What you need to do —
Go through the data below. List every line that holds the word "longleftrightarrow".

(Stored data)
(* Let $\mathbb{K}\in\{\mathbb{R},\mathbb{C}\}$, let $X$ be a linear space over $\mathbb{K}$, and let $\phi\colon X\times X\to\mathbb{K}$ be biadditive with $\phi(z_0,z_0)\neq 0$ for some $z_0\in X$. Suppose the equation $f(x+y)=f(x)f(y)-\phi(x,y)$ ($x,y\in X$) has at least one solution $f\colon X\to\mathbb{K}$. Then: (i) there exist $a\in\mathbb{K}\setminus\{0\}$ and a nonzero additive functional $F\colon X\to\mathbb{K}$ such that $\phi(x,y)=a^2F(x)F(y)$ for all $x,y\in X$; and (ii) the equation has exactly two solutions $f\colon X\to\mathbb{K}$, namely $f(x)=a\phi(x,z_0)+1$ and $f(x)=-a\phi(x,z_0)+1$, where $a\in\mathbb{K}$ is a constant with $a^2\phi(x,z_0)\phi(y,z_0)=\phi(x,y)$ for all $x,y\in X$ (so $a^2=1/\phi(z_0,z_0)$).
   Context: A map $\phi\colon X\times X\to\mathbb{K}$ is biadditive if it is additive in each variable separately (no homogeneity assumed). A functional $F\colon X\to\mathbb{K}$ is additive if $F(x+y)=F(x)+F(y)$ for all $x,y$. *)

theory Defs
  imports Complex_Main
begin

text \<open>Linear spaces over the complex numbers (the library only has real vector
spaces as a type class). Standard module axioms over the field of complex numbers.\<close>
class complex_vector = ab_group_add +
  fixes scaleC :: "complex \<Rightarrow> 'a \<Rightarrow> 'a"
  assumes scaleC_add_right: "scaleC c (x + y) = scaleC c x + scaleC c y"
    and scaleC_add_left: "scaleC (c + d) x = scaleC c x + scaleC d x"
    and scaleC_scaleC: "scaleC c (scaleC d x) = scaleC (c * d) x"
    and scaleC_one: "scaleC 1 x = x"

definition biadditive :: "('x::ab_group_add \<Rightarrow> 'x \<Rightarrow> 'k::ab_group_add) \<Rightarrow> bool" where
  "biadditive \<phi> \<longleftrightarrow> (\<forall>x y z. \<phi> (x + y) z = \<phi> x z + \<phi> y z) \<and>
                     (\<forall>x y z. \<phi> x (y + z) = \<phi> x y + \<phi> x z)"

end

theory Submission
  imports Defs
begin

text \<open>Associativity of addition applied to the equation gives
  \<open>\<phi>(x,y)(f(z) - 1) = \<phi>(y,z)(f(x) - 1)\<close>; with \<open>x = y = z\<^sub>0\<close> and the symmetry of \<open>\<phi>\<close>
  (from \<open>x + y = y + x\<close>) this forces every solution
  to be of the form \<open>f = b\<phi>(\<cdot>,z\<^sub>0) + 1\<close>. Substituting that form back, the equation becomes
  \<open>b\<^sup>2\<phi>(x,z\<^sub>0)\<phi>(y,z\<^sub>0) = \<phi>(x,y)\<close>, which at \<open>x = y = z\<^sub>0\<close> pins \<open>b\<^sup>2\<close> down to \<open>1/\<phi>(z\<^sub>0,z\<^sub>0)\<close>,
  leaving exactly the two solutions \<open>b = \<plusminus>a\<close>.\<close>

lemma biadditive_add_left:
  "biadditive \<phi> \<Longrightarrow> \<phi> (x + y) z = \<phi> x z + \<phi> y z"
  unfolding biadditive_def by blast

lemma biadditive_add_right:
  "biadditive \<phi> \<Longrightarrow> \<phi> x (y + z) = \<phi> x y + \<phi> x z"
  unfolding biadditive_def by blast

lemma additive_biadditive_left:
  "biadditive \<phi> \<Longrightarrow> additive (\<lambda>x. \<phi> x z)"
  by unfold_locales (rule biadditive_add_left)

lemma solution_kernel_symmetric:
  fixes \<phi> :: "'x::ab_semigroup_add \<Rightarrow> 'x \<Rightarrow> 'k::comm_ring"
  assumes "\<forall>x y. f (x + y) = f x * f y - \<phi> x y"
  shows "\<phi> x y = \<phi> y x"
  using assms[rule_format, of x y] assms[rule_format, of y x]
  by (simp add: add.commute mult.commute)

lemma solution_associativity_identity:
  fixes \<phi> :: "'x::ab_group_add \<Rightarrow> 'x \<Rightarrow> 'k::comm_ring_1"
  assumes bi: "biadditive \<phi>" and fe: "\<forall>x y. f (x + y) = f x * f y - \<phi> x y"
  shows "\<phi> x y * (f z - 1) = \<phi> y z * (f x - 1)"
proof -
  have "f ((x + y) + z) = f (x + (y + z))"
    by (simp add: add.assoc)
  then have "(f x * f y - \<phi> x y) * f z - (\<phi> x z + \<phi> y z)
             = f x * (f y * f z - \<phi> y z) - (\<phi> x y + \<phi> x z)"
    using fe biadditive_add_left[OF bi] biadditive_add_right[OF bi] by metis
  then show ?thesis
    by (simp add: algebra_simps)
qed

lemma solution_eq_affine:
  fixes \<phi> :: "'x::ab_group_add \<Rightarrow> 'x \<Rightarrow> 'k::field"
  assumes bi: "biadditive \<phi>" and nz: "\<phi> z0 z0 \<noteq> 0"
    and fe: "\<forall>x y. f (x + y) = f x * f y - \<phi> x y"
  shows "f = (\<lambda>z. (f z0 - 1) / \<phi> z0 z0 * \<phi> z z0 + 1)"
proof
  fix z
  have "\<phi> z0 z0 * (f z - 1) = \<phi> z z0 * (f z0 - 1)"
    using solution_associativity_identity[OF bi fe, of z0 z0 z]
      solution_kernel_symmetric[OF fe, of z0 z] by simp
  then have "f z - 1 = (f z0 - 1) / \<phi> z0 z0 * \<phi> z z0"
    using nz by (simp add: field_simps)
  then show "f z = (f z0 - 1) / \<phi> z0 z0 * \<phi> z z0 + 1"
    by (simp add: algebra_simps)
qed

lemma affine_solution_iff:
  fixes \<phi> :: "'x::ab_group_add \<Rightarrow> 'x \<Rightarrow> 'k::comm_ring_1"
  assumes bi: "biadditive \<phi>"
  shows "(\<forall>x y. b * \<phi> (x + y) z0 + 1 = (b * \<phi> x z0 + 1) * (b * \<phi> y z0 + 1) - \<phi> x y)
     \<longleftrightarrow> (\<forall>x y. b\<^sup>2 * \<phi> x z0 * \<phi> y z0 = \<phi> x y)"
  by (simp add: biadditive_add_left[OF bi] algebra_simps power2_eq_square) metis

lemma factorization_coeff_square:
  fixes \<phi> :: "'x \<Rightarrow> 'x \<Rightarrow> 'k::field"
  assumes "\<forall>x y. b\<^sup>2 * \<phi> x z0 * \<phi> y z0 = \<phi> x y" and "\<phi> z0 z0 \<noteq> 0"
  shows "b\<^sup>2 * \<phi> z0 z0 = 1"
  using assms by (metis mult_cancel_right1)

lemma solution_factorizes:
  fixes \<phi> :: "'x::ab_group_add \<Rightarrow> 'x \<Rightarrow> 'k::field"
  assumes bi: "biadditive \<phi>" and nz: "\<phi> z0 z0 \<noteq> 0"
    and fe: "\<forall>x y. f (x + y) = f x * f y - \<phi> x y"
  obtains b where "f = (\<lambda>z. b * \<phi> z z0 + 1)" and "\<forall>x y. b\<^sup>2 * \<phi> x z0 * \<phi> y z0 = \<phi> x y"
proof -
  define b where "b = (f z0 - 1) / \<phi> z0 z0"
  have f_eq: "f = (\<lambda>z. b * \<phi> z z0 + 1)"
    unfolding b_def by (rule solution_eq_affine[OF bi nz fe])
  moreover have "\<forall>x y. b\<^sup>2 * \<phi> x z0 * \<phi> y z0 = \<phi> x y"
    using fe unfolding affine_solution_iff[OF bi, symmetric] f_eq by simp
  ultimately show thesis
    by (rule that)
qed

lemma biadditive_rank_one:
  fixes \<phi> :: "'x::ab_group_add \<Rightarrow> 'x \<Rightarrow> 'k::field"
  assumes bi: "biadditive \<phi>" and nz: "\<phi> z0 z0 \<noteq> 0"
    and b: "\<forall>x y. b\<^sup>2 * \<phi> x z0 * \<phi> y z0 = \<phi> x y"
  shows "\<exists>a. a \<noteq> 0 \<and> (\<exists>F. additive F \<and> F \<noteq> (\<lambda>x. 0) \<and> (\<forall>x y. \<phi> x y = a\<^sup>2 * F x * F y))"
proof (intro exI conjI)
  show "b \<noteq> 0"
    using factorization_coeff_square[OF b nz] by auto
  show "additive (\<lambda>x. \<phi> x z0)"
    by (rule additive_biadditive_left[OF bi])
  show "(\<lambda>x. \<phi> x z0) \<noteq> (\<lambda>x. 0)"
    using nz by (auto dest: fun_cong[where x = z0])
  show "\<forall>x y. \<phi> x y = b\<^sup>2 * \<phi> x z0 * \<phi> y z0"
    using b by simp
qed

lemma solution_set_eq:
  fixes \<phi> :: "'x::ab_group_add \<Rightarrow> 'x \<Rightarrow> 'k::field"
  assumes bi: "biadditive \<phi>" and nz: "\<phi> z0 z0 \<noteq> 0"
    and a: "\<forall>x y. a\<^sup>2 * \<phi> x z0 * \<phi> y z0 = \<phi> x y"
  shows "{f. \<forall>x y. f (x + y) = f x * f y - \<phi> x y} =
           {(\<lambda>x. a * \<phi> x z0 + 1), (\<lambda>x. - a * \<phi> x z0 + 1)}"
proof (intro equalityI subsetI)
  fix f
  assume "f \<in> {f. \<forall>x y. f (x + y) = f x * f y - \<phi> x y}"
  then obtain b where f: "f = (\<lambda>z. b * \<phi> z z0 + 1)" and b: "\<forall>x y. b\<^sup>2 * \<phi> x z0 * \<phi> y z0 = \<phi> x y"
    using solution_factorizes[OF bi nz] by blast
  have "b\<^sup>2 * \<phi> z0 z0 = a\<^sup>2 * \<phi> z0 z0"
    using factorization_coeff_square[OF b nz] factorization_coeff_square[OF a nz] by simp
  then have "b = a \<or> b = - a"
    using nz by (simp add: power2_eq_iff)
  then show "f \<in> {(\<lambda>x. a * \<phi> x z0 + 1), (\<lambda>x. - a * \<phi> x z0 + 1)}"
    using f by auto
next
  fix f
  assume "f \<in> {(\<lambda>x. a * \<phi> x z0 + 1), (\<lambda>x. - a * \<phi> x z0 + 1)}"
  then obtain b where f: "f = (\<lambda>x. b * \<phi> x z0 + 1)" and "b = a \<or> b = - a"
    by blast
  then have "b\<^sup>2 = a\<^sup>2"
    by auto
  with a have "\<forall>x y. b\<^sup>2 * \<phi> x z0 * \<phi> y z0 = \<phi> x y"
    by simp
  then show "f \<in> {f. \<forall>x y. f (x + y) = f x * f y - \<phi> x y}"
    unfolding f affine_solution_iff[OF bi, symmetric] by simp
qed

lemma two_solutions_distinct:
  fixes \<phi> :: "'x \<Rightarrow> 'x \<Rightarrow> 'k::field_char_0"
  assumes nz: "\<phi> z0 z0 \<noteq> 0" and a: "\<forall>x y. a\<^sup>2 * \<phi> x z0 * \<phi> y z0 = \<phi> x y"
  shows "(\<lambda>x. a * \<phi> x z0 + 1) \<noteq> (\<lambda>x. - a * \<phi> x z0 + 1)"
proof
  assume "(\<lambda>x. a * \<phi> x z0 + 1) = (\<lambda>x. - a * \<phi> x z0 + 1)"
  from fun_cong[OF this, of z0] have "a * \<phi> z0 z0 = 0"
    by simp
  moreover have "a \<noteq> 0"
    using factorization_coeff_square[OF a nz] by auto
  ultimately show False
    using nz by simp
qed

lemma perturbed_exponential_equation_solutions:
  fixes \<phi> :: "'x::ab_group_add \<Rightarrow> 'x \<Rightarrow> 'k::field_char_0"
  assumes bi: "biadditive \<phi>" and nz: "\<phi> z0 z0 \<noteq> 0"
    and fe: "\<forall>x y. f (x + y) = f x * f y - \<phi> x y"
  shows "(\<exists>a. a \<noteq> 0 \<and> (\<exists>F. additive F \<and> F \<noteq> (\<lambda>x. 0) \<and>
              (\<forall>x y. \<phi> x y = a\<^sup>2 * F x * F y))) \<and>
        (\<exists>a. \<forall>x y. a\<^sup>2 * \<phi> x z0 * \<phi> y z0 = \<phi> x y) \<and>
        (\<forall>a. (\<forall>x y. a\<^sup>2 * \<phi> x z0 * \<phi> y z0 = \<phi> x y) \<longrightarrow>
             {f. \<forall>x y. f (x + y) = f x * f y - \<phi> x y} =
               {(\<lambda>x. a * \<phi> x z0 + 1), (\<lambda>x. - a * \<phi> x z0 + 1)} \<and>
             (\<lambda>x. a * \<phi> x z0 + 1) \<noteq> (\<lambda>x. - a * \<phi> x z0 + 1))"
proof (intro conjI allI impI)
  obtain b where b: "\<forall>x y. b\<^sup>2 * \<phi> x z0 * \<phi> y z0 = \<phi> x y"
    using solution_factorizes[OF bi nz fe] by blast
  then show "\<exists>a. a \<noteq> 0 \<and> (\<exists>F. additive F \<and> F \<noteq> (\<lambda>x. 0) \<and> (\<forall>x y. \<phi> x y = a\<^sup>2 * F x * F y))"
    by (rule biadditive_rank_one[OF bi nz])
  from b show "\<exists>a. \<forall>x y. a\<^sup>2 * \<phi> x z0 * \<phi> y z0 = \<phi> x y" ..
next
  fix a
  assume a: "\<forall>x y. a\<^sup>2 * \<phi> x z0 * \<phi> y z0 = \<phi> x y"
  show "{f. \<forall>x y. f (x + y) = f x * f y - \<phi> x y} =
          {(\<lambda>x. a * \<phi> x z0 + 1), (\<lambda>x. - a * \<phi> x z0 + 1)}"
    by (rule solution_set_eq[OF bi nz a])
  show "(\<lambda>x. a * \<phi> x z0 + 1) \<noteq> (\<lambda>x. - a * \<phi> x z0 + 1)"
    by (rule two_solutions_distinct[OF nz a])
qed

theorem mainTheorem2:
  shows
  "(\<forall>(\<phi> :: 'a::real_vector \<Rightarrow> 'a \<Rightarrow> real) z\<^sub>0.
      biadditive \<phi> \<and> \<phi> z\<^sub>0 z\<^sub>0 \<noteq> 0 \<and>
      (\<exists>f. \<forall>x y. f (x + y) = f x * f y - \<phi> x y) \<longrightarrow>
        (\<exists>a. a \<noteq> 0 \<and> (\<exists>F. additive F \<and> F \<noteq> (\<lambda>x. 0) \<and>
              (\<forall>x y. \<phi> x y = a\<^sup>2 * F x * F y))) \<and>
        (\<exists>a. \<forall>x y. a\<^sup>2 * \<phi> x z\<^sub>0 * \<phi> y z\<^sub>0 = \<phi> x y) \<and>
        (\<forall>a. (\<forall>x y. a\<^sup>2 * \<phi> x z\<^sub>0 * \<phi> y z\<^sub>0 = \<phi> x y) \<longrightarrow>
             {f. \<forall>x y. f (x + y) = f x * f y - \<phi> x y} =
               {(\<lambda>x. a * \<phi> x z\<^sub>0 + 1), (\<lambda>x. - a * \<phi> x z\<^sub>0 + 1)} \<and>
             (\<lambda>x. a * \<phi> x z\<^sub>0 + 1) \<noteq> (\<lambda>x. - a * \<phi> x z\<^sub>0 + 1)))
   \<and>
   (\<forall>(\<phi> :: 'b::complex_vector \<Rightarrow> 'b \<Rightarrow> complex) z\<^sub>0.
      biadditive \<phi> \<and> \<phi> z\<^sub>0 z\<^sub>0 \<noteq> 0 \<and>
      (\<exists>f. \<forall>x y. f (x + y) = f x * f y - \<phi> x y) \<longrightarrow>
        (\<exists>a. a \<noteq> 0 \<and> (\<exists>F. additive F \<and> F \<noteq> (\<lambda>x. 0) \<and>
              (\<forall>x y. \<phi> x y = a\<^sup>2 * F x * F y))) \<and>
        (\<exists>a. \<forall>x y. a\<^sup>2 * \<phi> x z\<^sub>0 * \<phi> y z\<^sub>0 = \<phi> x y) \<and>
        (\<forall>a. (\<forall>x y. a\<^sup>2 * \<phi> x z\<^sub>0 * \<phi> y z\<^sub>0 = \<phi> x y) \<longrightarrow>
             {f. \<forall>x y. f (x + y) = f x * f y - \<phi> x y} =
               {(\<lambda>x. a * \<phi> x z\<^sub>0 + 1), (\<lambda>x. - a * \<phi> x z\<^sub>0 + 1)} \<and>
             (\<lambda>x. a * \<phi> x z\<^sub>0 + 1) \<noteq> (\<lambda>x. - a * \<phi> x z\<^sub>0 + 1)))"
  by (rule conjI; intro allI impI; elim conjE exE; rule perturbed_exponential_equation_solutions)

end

Written solution —
  "biadditive \<phi> \<longleftrightarrow> (\<forall>x y z. \<phi> (x + y) z = \<phi> x z + \<phi> y z) \<and>
     \<longleftrightarrow> (\<forall>x y. b\<^sup>2 * \<phi> x z0 * \<phi> y z0 = \<phi> x y)"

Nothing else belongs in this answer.